WHAT NEEDS TO BE DONE: If a line in the entries below includes the string "definition", copy it out.
--- RECORDS PROVIDED Enclosed Below ---
(* Let $p\ge1$. There is a constant $C>0$ depending only on $p$ such that for every $\mu$-complex $X\in\mathbb{R}^{n\times d}$ and every $\beta\in\mathbb{R}^d$, $$f(X\beta)\ge C\,\frac{n}{\mu}\,(1+\ln\mu),$$ i.e. $f(X\beta)=\Omega\!\left(\frac{n}{\mu}(1+\ln\mu)\right)$.
   Context: $\Phi_p(x)=\frac{p^{1-1/p}}{2\Gamma(1/p)}\int_{-\infty}^x \exp(-|t|^p/p)\,dt$, $g(r)=-\ln(\Phi_p(-r))$, and for $X$ with rows $x_i$, $f(X\beta)=\sum_{i=1}^n g(x_i\beta)$. $\mu_p(X)=\sup_{\beta\in\mathbb{R}^d\setminus\{0\}}\frac{\sum_{x_i\beta>0}|x_i\beta|^p}{\sum_{x_i\beta<0}|x_i\beta|^p}$, and $X$ is $\mu$-complex if $\mu_p(X)\le\mu<\infty$. *)

theory Defs
  imports "HOL-Analysis.Analysis"
begin

text \<open>Data matrix X with n rows and d columns is represented as X :: nat => nat => real,
  entry (i,j) = X i j for i < n, j < d; beta :: nat => real uses coordinates j < d.\<close>

definition rowdot :: "(nat \<Rightarrow> nat \<Rightarrow> real) \<Rightarrow> nat \<Rightarrow> (nat \<Rightarrow> real) \<Rightarrow> nat \<Rightarrow> real" where
  "rowdot X d \<beta> i = (\<Sum>j<d. X i j * \<beta> j)"

definition Phi_p :: "real \<Rightarrow> real \<Rightarrow> real" where
  "Phi_p p x = p powr (1 - 1/p) / (2 * Gamma (1/p)) *
      (LBINT t:{..x}. exp (- (\<bar>t\<bar> powr p) / p))"

definition g_p :: "real \<Rightarrow> real \<Rightarrow> real" where
  "g_p p r = - ln (Phi_p p (- r))"

definition f_p :: "real \<Rightarrow> (nat \<Rightarrow> nat \<Rightarrow> real) \<Rightarrow> nat \<Rightarrow> nat \<Rightarrow> (nat \<Rightarrow> real) \<Rightarrow> real" where
  "f_p p X n d \<beta> = (\<Sum>i<n. g_p p (rowdot X d \<beta> i))"

definition mu_ratio :: "real \<Rightarrow> (nat \<Rightarrow> nat \<Rightarrow> real) \<Rightarrow> nat \<Rightarrow> nat \<Rightarrow> (nat \<Rightarrow> real) \<Rightarrow> ereal" where
  "mu_ratio p X n d \<beta> =
    (let num = (\<Sum>i\<in>{i. i < n \<and> rowdot X d \<beta> i > 0}. \<bar>rowdot X d \<beta> i\<bar> powr p);
         den = (\<Sum>i\<in>{i. i < n \<and> rowdot X d \<beta> i < 0}. \<bar>rowdot X d \<beta> i\<bar> powr p)
     in if den = 0 then \<infinity> else ereal (num / den))"

definition mu_p :: "real \<Rightarrow> (nat \<Rightarrow> nat \<Rightarrow> real) \<Rightarrow> nat \<Rightarrow> nat \<Rightarrow> ereal" where
  "mu_p p X n d = (SUP \<beta>\<in>{\<beta>. \<exists>j<d. \<beta> j \<noteq> 0}. mu_ratio p X n d \<beta>)"

definition mu_complex :: "real \<Rightarrow> (nat \<Rightarrow> nat \<Rightarrow> real) \<Rightarrow> nat \<Rightarrow> nat \<Rightarrow> real \<Rightarrow> bool" where
  "mu_complex p X n d \<mu> \<longleftrightarrow> mu_p p X n d \<le> ereal \<mu>"

end

theory Submission
  imports Defs "HOL-Real_Asymp.Real_Asymp"
begin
--- End of Enclosed RECORDS PROVIDED ---
RESPONSE FOR THIS EXERCISE:
definition rowdot :: "(nat \<Rightarrow> nat \<Rightarrow> real) \<Rightarrow> nat \<Rightarrow> (nat \<Rightarrow> real) \<Rightarrow> nat \<Rightarrow> real" where
definition Phi_p :: "real \<Rightarrow> real \<Rightarrow> real" where
definition g_p :: "real \<Rightarrow> real \<Rightarrow> real" where
definition f_p :: "real \<Rightarrow> (nat \<Rightarrow> nat \<Rightarrow> real) \<Rightarrow> nat \<Rightarrow> nat \<Rightarrow> (nat \<Rightarrow> real) \<Rightarrow> real" where
definition mu_ratio :: "real \<Rightarrow> (nat \<Rightarrow> nat \<Rightarrow> real) \<Rightarrow> nat \<Rightarrow> nat \<Rightarrow> (nat \<Rightarrow> real) \<Rightarrow> ereal" where
definition mu_p :: "real \<Rightarrow> (nat \<Rightarrow> nat \<Rightarrow> real) \<Rightarrow> nat \<Rightarrow> nat \<Rightarrow> ereal" where
definition mu_complex :: "real \<Rightarrow> (nat \<Rightarrow> nat \<Rightarrow> real) \<Rightarrow> nat \<Rightarrow> nat \<Rightarrow> real \<Rightarrow> bool" where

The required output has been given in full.